[Data items]
lemma two_torsion_iso:
  assumes h: "h \<in> iso G H" and G: "group G" and H: "group H"
  shows "bij_betw h (two_torsion G) (two_torsion H)"
proof (rule bij_betw_subset)
  have hom: "h \<in> hom G H" and bij: "bij_betw h (carrier G) (carrier H)"
    using h by (auto simp: iso_def)
  show "bij_betw h (carrier G) (carrier H)" using bij .
  show "two_torsion G \<subseteq> carrier G" by (auto simp: two_torsion_def)
  have h_one: "h \<one>\<^bsub>G\<^esub> = \<one>\<^bsub>H\<^esub>" using hom_one[OF hom G H] .
  show "h ` two_torsion G = two_torsion H"
  proof
    show "h ` two_torsion G \<subseteq> two_torsion H"
      using hom h_one by (auto simp: two_torsion_def hom_mult[symmetric] hom_def)
    show "two_torsion H \<subseteq> h ` two_torsion G"
    proof
      fix y assume y: "y \<in> two_torsion H"
      then obtain x where x: "x \<in> carrier G" "y = h x"
        using bij by (auto simp: two_torsion_def bij_betw_def)
      have "h (x \<otimes>\<^bsub>G\<^esub> x) = h \<one>\<^bsub>G\<^esub>"
        using y x h_one hom_mult[OF hom x(1) x(1)] by (simp add: two_torsion_def)
      then have "x \<otimes>\<^bsub>G\<^esub> x = \<one>\<^bsub>G\<^esub>"
        using bij x G by (meson bij_betw_def group.is_monoid inj_onD monoid.m_closed monoid.one_closed)
      then show "y \<in> h ` two_torsion G" using x by (auto simp: two_torsion_def)
    qed
  qed
qed

lemma two_torsion_DirProd: "two_torsion (G \<times>\<times> H) = two_torsion G \<times> two_torsion H"
  by (auto simp: two_torsion_def)

lemma two_torsion_product_group:
  "two_torsion (product_group I G) = (\<Pi>\<^sub>E i\<in>I. two_torsion (G i))"
proof -
  have "(\<lambda>i\<in>I. x i \<otimes>\<^bsub>G i\<^esub> x i) = (\<lambda>i\<in>I. \<one>\<^bsub>G i\<^esub>) \<longleftrightarrow> (\<forall>i\<in>I. x i \<otimes>\<^bsub>G i\<^esub> x i = \<one>\<^bsub>G i\<^esub>)" for x
    by (metis (mono_tags, lifting) restrict_apply restrict_ext)
  then show ?thesis by (auto simp: two_torsion_def PiE_iff) (meson extensional_arb)
qed
lemma rkhs_norm_gd_iter_polynomial_steps:
  assumes "0 \<le> \<theta>" "\<theta> < 1" "0 < \<eta>\<^sub>1" "\<eta>\<^sub>1 * (2 * V0) \<le> 1 - \<theta>" "\<eta>\<^sub>1 * (L * \<kappa>\<^sup>2) \<le> 1" "1 \<le> t"
  shows "rkhs_norm K (gd_iter K V' (\<lambda>k. \<eta>\<^sub>1 * real k powr - \<theta>) m xs ys (t + 1)) \<le> real t powr ((1 - \<theta>) / 2)"
proof -
  have "\<forall>k\<ge>1. 0 < \<eta>\<^sub>1 * real k powr - \<theta> \<and> \<eta>\<^sub>1 * real k powr - \<theta> * (L * \<kappa>\<^sup>2) \<le> 1"
  proof (intro allI impI conjI)
    fix k :: nat
    assume "1 \<le> k"
    then show "0 < \<eta>\<^sub>1 * real k powr - \<theta>" using assms by simp
    have "real k powr - \<theta> \<le> 1" using powr_mono2'[of "- \<theta>" 1 "real k"] \<open>1 \<le> k\<close> assms by simp
    then have "\<eta>\<^sub>1 * real k powr - \<theta> * (L * \<kappa>\<^sup>2) \<le> \<eta>\<^sub>1 * (L * \<kappa>\<^sup>2)"
      using assms L_nonneg by (intro mult_right_mono mult_left_le) auto
    then show "\<eta>\<^sub>1 * real k powr - \<theta> * (L * \<kappa>\<^sup>2) \<le> 1" using assms by linarith
  qed
  then have "rkhs_norm K (gd_iter K V' (\<lambda>k. \<eta>\<^sub>1 * real k powr - \<theta>) m xs ys (t + 1))
      \<le> sqrt (2 * V0 * (\<Sum>k=1..t. \<eta>\<^sub>1 * real k powr - \<theta>))"
    by (rule rkhs_norm_gd_iter_le)
  also have "\<dots> = sqrt (\<eta>\<^sub>1 * (2 * V0) * (\<Sum>k=1..t. real k powr - \<theta>))"
    by (simp add: sum_distrib_left mult_ac)
  also have "\<dots> \<le> sqrt ((1 - \<theta>) * (real t powr (1 - \<theta>) / (1 - \<theta>)))"
    using assms sum_powr_neg_le[of \<theta> t] by (intro real_sqrt_le_mono mult_mono sum_nonneg) auto
  also have "\<dots> = real t powr ((1 - \<theta>) / 2)"
    using assms by (simp add: powr_half_sqrt_powr)
  finally show ?thesis .
qed

end

theorem mainTheorem15:
  fixes K :: "'x::metric_space \<Rightarrow> 'x \<Rightarrow> real"
    and V V' :: "real \<Rightarrow> real \<Rightarrow> real"
    and Y :: "real set"
    and m :: nat and xs :: "nat \<Rightarrow> 'x" and ys :: "nat \<Rightarrow> real"
    and L \<kappa> V0 :: real
  assumes separable: "\<exists>D::'x set. countable D \<and> closure D = UNIV"
    and V_meas: "(\<lambda>(a, b). V a b) \<in> borel_measurable borel"
    and V_nonneg: "\<And>a b. 0 \<le> V a b"
    and V_convex: "\<And>y. convex_on UNIV (V y)"
    and K_kernel: "reproducing_kernel K"
    and m_pos: "0 < m"
    and sample_Y: "\<And>i. i < m \<Longrightarrow> ys i \<in> Y"
    and kappa_bdd: "bdd_above (range (\<lambda>x. sqrt (K x x)))"
    and kappa_def: "\<kappa> = (SUP x. sqrt (K x x))"
    and V0_bdd: "bdd_above ((\<lambda>y. V y 0) ` Y)"
    and V0_def: "V0 = (SUP y\<in>Y. V y 0)"
    and V_deriv: "\<And>y u. y \<in> Y \<Longrightarrow> (V y has_real_derivative V' y u) (at u)"
    and L_pos: "0 < L"
    and V'_lip: "\<And>y u v. y \<in> Y \<Longrightarrow> \<bar>V' y u - V' y v\<bar> \<le> L * \<bar>u - v\<bar>"
  shows
    "(\<forall>\<eta> :: nat \<Rightarrow> real.
        (\<forall>t\<ge>1. 0 < \<eta> t \<and> \<eta> t * (L * \<kappa>\<^sup>2) \<le> 1) \<longrightarrow>
        (\<forall>t\<ge>1. rkhs_norm K (gd_iter K V' \<eta> m xs ys (t + 1))
                 \<le> sqrt (2 * V0 * (\<Sum>k=1..t. \<eta> k))))
     \<and>
     (\<forall>(\<theta>::real) (\<eta>1::real).
        0 \<le> \<theta> \<and> \<theta> < 1 \<and> 0 < \<eta>1 \<and> \<eta>1 * (2 * V0) \<le> 1 - \<theta> \<and> \<eta>1 * (L * \<kappa>\<^sup>2) \<le> 1 \<longrightarrow>
        (\<forall>t\<ge>1. rkhs_norm K (gd_iter K V' (\<lambda>k. \<eta>1 * real k powr (- \<theta>)) m xs ys (t + 1))
                 \<le> real t powr ((1 - \<theta>) / 2)))"
proof -
  interpret kernel_gradient_descent K V V' Y m xs ys L \<kappa> V0
  proof
    show "K (xs i) (xs i) \<le> \<kappa>\<^sup>2" for i
      unfolding kappa_def by (rule reproducing_kernel_diag_le_SUP[OF K_kernel kappa_bdd])
    show "V y 0 \<le> V0" if "y \<in> Y" for y
      unfolding V0_def by (rule cSUP_upper[OF that V0_bdd])
  qed (use K_kernel m_pos sample_Y V_nonneg V_convex V_deriv V'_lip L_pos in auto)
  show ?thesis
    using rkhs_norm_gd_iter_le rkhs_norm_gd_iter_polynomial_steps by blast
qed

end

WHAT TO DO: Using the entries above, repeat only the lines from the one containing "G \<subseteq> two_torsion" through the one containing "fix y assume", end lines included.

RESULT FOR THIS TASK:
    show "h ` two_torsion G \<subseteq> two_torsion H"
      using hom h_one by (auto simp: two_torsion_def hom_mult[symmetric] hom_def)
    show "two_torsion H \<subseteq> h ` two_torsion G"
    proof
      fix y assume y: "y \<in> two_torsion H"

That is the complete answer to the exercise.